Barber’s biggest hurdle in creating a co-op was deciding which type of co-op to form. After launching Uplift as a cannabis cooperative, he re-established Uplift as an agricultural co-op due to rigid land-use restrictions placed on those who form cannabis cooperatives. 

Cannabis cooperatives cannot operate on more than a combined four acres of land, making it nearly impossible for a group of small farms in Humboldt to band together and compete with a large-scale operation holding multiple licenses. 

The California Department of Food and Agriculture once championed a one-acre cap on cannabis farms but this cap was scrapped, allowing individual growers to stack licenses to grow cannabis on larger amounts of land. Not enforcing an acre limit saturated the market with more cannabis than could be sold. Meanwhile, co-ops can still only operate on a combined four acres of land. This made it all the more difficult for small farmers to get ahead. 

“Those acreage caps essentially made cannabis cooperatives irrelevant and not useful,” said Nicole Riggs, with the Center for the Study of Cannabis and Social Policy. “Unfortunately for farmers, that means that we’re looking at alternatives.” 

Riggs said those alternatives can include working with trade organizations like Origins Council, or Humboldt County Growers Alliance to lobby for changes or removal of co-op acreage caps or seeking out alternatives to forming cannabis cooperatives, like forming agricultural or marketing cooperatives that support production. The research is ongoing to see what the cannabis community needs, she said.  

Shawn Cherry of Cherry Valley Farms, a cannabis farmer who is a member of Cooperation Humboldt’s first Cooperative Cannabis Economy group, hopes it will help the participating cultivators create their own brand as a collective and decide which type of cooperative entity to form. 

“I’m really excited about having a roadmap for our group,” Cherry said. “Hopefully, we’ll be moving into some type of packaged product or viable market products to showcase to our region this year, if not next.”
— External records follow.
(* The last conjunct is the invariant that lets mate_extends_clique apply in the next step. *)

lemma clique_extension:
  assumes "W \<subseteq> singletons" "card W \<le> card S - 1 - max_degree S E"
  shows "\<exists>Z. Z \<subseteq> S - singletons \<and> card Z = card W \<and> is_clique S E (singletons \<union> Z)
           \<and> (\<forall>a\<in>Z. \<exists>u\<in>W. \<exists>w. mates a w \<and> \<not> E u w)"
proof -
  have fin: "finite S" using simple simple_graph_finite by blast
  have "finite W"
    using assms(1) fin unfolding singletons_def by (auto intro: finite_subset)
  then show ?thesis
    using assms
  proof (induction W rule: finite_induct)
    case empty
    show ?case using singletons_clique by auto
  next
    case (insert u W)
    obtain Z where Z: "Z \<subseteq> S - singletons" "card Z = card W" "is_clique S E (singletons \<union> Z)"
      "\<forall>a\<in>Z. \<exists>u'\<in>W. \<exists>w'. mates a w' \<and> \<not> E u' w'"
      using insert by auto
    have u: "u \<in> singletons" "u \<in> S" using insert.prems unfolding singletons_def by auto
    have "card Z < card S - 1 - max_degree S E" using Z(2) insert by simp
    then obtain w where w: "w \<in> S" "w \<noteq> u" "\<not> E u w" "f w \<notin> f ` Z"
      using non_neighbour_with_new_colour[OF u(2)] Z(1) by blast
    moreover have "\<forall>a\<in>Z. \<exists>u'\<in>singletons - {u}. \<exists>w'. mates a w' \<and> \<not> E u' w'"
      using Z(4) insert.hyps(2) insert.prems(1) by blast
    ultimately obtain z where z: "mates w z" "z \<in> S - singletons" "z \<notin> Z"
      "is_clique S E (insert z (singletons \<union> Z))"
      using mate_extends_clique[OF u(1)] Z(1,3) by blast
    have "card (insert z Z) = card (insert u W)"
      using Z(1,2) z(3) insert.hyps fin by (simp add: finite_subset)
    moreover have "\<forall>a\<in>insert z Z. \<exists>u'\<in>insert u W. \<exists>w'. mates a w' \<and> \<not> E u' w'"
      using Z(4) z(1) mates_sym w(3) by blast
    ultimately show ?case using Z(1) z by (intro exI[of _ "insert z Z"]) auto
  qed
qed

theorem chromatic_number_bound:
  "4 * k \<le> card S + 2 * clique_number S E + max_degree S E + 1"
proof -
  have fin: "finite S" using simple simple_graph_finite by blast
  define d where "d = card S - 1 - max_degree S E"
  have d: "d + max_degree S E + 1 = card S"
    using max_degree_less_card[OF simple] unfolding d_def by linarith
  obtain v where v: "v \<in> S" using simple simple_graph_nonempty by blast
  have "d \<le> card {u \<in> S. u \<noteq> v \<and> \<not> E v u}"
    using card_non_neighbours[OF simple v] degree_le_max_degree[OF fin v, of E] d by linarith
  then have d_le: "d \<le> clique_number S E"
    using card_le_clique_number[OF fin non_neighbours_clique[OF v]] by linarith
  obtain W where W: "W \<subseteq> singletons" "card W = min (card singletons) d"
    using obtain_subset_with_card_n[of "min (card singletons) d" singletons] by (metis min.cobounded1)
  then obtain Z where Z: "Z \<subseteq> S - singletons" "card Z = card W" "is_clique S E (singletons \<union> Z)"
    using clique_extension d_def by (metis min.cobounded2)
  have "card (singletons \<union> Z) = card singletons + card Z"
    using Z(1) fin by (intro card_Un_disjoint) (auto intro: finite_subset simp: singletons_def)
  then have "card singletons + min (card singletons) d \<le> clique_number S E"
    using card_le_clique_number[OF fin Z(3)] Z(2) W(2) by simp
  then show ?thesis
    using double_card_singletons d d_le by (simp add: min_def split: if_splits)
qed

end

lemma chromatic_number_bound_alpha_two:
  assumes "simple_graph S E"
    and "\<And>x y z. \<lbrakk>x \<in> S; y \<in> S; z \<in> S; x \<noteq> y; y \<noteq> z; x \<noteq> z\<rbrakk> \<Longrightarrow> E x y \<or> E y z \<or> E x z"
  shows "4 * chromatic_number S E \<le> card S + 2 * clique_number S E + max_degree S E + 1"
proof -
  obtain f where "proper_colouring S E (chromatic_number S E) f"
    using assms(1) subset_refl by (rule chromatic_number_colouring)
  then interpret alpha_two_optimal_colouring S E f
    using assms by unfold_locales
  show ?thesis by (rule chromatic_number_bound)
qed

section \<open>The bound with chromatic excess\<close>

lemma independent_triple_imp_chromatic_excess_nonneg:
  assumes "simple_graph V E" "x \<in> V" "y \<in> V" "z \<in> V" "x \<noteq> y" "y \<noteq> z" "x \<noteq> z"
    and "\<not> E x y" "\<not> E y z" "\<not> E x z"
  shows "0 \<le> chromatic_excess V E"
proof -
  have "\<not> E y x" "\<not> E z y" "\<not> E z x"
    using assms simple_graph_sym by metis+
  then have "proper_colouring {x, y, z} E 1 (\<lambda>_. 0)"
    using assms simple_graph_irrefl[OF assms(1)] unfolding proper_colouring_def by auto
  then have "chromatic_number {x, y, z} E \<le> 1" by (rule chromatic_number_le)
  moreover have "int (card {x, y, z}) - 3 * int (chromatic_number {x, y, z} E) \<le> chromatic_excess V E"
    using assms simple_graph_finite by (intro chromatic_excess_ge) auto
  ultimately show ?thesis using assms(5-7) by simp
qed

lemma chromatic_number_le_degree_of_excess_maximiser:
  assumes "simple_graph S E" "H \<subseteq> S" "r \<in> S - H"
    and "chromatic_excess S E = int (card H) - 3 * int (chromatic_number H E)"
  shows "chromatic_number H E \<le> degree H E r"
proof -
  obtain f where f: "proper_colouring H E (chromatic_number H E) f"
    using assms(1,2) by (rule chromatic_number_colouring)
  have "{..<chromatic_number H E} \<subseteq> f ` {x \<in> H. E r x}"
  proof
    fix j assume j: "j \<in> {..<chromatic_number H E}"
    show "j \<in> f ` {x \<in> H. E r x}"
    proof (rule ccontr)
      assume j_free: "j \<notin> f ` {x \<in> H. E r x}"
      have "\<not> E r x \<and> \<not> E x r" if "x \<in> H" "x \<noteq> r" "f x = j" for x
        using j_free that simple_graph_sym[OF assms(1), of x r] assms(2,3) by blast
      then have "proper_colouring (insert r H) E (chromatic_number H E) (f(r := j))"
        using j simple_graph_irrefl[OF assms(1)] assms(3)
        by (intro proper_colouring_fun_upd[OF f]) auto
      then have "chromatic_number (insert r H) E \<le> chromatic_number H E"
        by (rule chromatic_number_le)
      moreover have "card (insert r H) = card H + 1"
        using assms(1-3) simple_graph_finite_subset by fastforce
      moreover have "int (card (insert r H)) - 3 * int (chromatic_number (insert r H) E)
          \<le> chromatic_excess S E"
        using assms(1-3) simple_graph_finite by (intro chromatic_excess_ge) auto
      ultimately show False using assms(4) by linarith
    qed
  qed
  then show ?thesis
    unfolding degree_def using assms(1,2) simple_graph_finite_subset
    by (metis (no_types, lifting) card_lessThan finite_subset mem_Collect_eq subsetI surj_card_le)
qed

lemma max_degree_outside_excess_maximiser:
  assumes simple: "simple_graph S E" and H: "H \<subseteq> S" "S - H \<noteq> {}"
    and maximiser: "chromatic_excess S E = int (card H) - 3 * int (chromatic_number H E)"
  shows "max_degree (S - H) E + chromatic_number H E \<le> max_degree S E"
proof -
  have fin: "finite S" using simple simple_graph_finite by blast
  obtain r where r: "r \<in> S - H" "degree (S - H) E r = max_degree (S - H) E"
    using fin H(2) max_degree_obtain by (metis finite_Diff)
  have "degree S E r = degree H E r + degree (S - H) E r"
    using H(1) fin degree_Un_disjoint[of H "S - H" E r] by (simp add: Un_absorb1 finite_subset)
  moreover have "chromatic_number H E \<le> degree H E r"
    using simple H(1) r(1) maximiser by (rule chromatic_number_le_degree_of_excess_maximiser)
  moreover have "degree S E r \<le> max_degree S E"
    using fin r(1) by (intro degree_le_max_degree) auto
  ultimately show ?thesis using r(2) by linarith
qed

lemma excess_bound_remove_maximiser:
  assumes simple: "simple_graph S E" and H: "H \<subseteq> S" "H \<noteq> {}" "S - H \<noteq> {}"
    and maximiser: "chromatic_excess S E = int (card H) - 3 * int (chromatic_number H E)"
    and nonneg: "0 \<le> chromatic_excess S E"
    and IH: "4 * int (chromatic_number (S - H) E) + max 0 (chromatic_excess (S - H) E)
      \<le> int (card (S - H)) + 2 * int (clique_number (S - H) E) + int (max_degree (S - H) E) + 1"
  shows "4 * int (chromatic_number S E) + max 0 (chromatic_excess S E)
           \<le> int (card S) + 2 * int (clique_number S E) + int (max_degree S E) + 1"
proof -
  have fin: "finite S" using simple simple_graph_finite by blast
  have "chromatic_number S E \<le> chromatic_number H E + chromatic_number (S - H) E"
    using chromatic_number_Un_le[OF simple H(1), of "S - H"] H(1) by (simp add: Un_absorb1)
  moreover have "max_degree (S - H) E + chromatic_number H E \<le> max_degree S E"
    using simple H(1,3) maximiser by (rule max_degree_outside_excess_maximiser)
  moreover have "clique_number (S - H) E \<le> clique_number S E"
    using fin by (rule clique_number_mono) blast
  moreover have "card S = card H + card (S - H)"
    using fin H(1) by (metis card_Diff_subset card_mono finite_subset le_add_diff_inverse)
  ultimately show ?thesis using IH maximiser nonneg by linarith
qed

theorem chromatic_number_excess_bound:
  assumes "simple_graph S E"
  shows "4 * int (chromatic_number S E) + max 0 (chromatic_excess S E)
           \<le> int (card S) + 2 * int (clique_number S E) + int (max_degree S E) + 1"
  using assms
proof (induction "card S" arbitrary: S rule: less_induct)
  case less
  note simple = less.prems
  have fin: "finite S" using simple simple_graph_finite by blast
  show ?case
  proof (cases "chromatic_excess S E < 0")
    case True
    then have "E x y \<or> E y z \<or> E x z"
      if "x \<in> S" "y \<in> S" "z \<in> S" "x \<noteq> y" "y \<noteq> z" "x \<noteq> z" for x y z
      using independent_triple_imp_chromatic_excess_nonneg[OF simple that] by force
    then show ?thesis
      using chromatic_number_bound_alpha_two[OF simple] True by fastforce
  next
    case False
    obtain H where H: "H \<subseteq> S" "H \<noteq> {}"
      "chromatic_excess S E = int (card H) - 3 * int (chromatic_number H E)"
      using fin simple simple_graph_nonempty chromatic_excess_obtain by metis
    show ?thesis
    proof (cases "S - H = {}")
      case True
      then have "max 0 (chromatic_excess S E) = int (card S) - 3 * int (chromatic_number S E)"
        using H False by (simp add: Diff_eq_empty_iff subset_antisym)
      then show ?thesis
        using chromatic_number_le_max_degree[OF simple] by linarith
    next
      case nonempty: False
      have "S - H \<subset> S" using H(1,2) by blast
      then have "card (S - H) < card S" using fin by (rule psubset_card_mono[rotated])
      moreover have "simple_graph (S - H) E"
        using simple_graph_subset[OF simple _ nonempty] by blast
      ultimately show ?thesis
        using less.hyps excess_bound_remove_maximiser[OF simple H(1,2) nonempty H(3)] False
        by (metis linorder_not_le)
    qed
  qed
qed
Barber hopes Cooperation Humboldt’s program keeps small farmers from being confused about which entity to form like he was during Uplift’s infancy. 

“I’d love to help people not make those kinds of mistakes so that they can be more successful,” Barber said. “I want there to be more co-ops. I want my farther out neighbors to succeed as small farms and I want them to be forming cooperatives to do so.”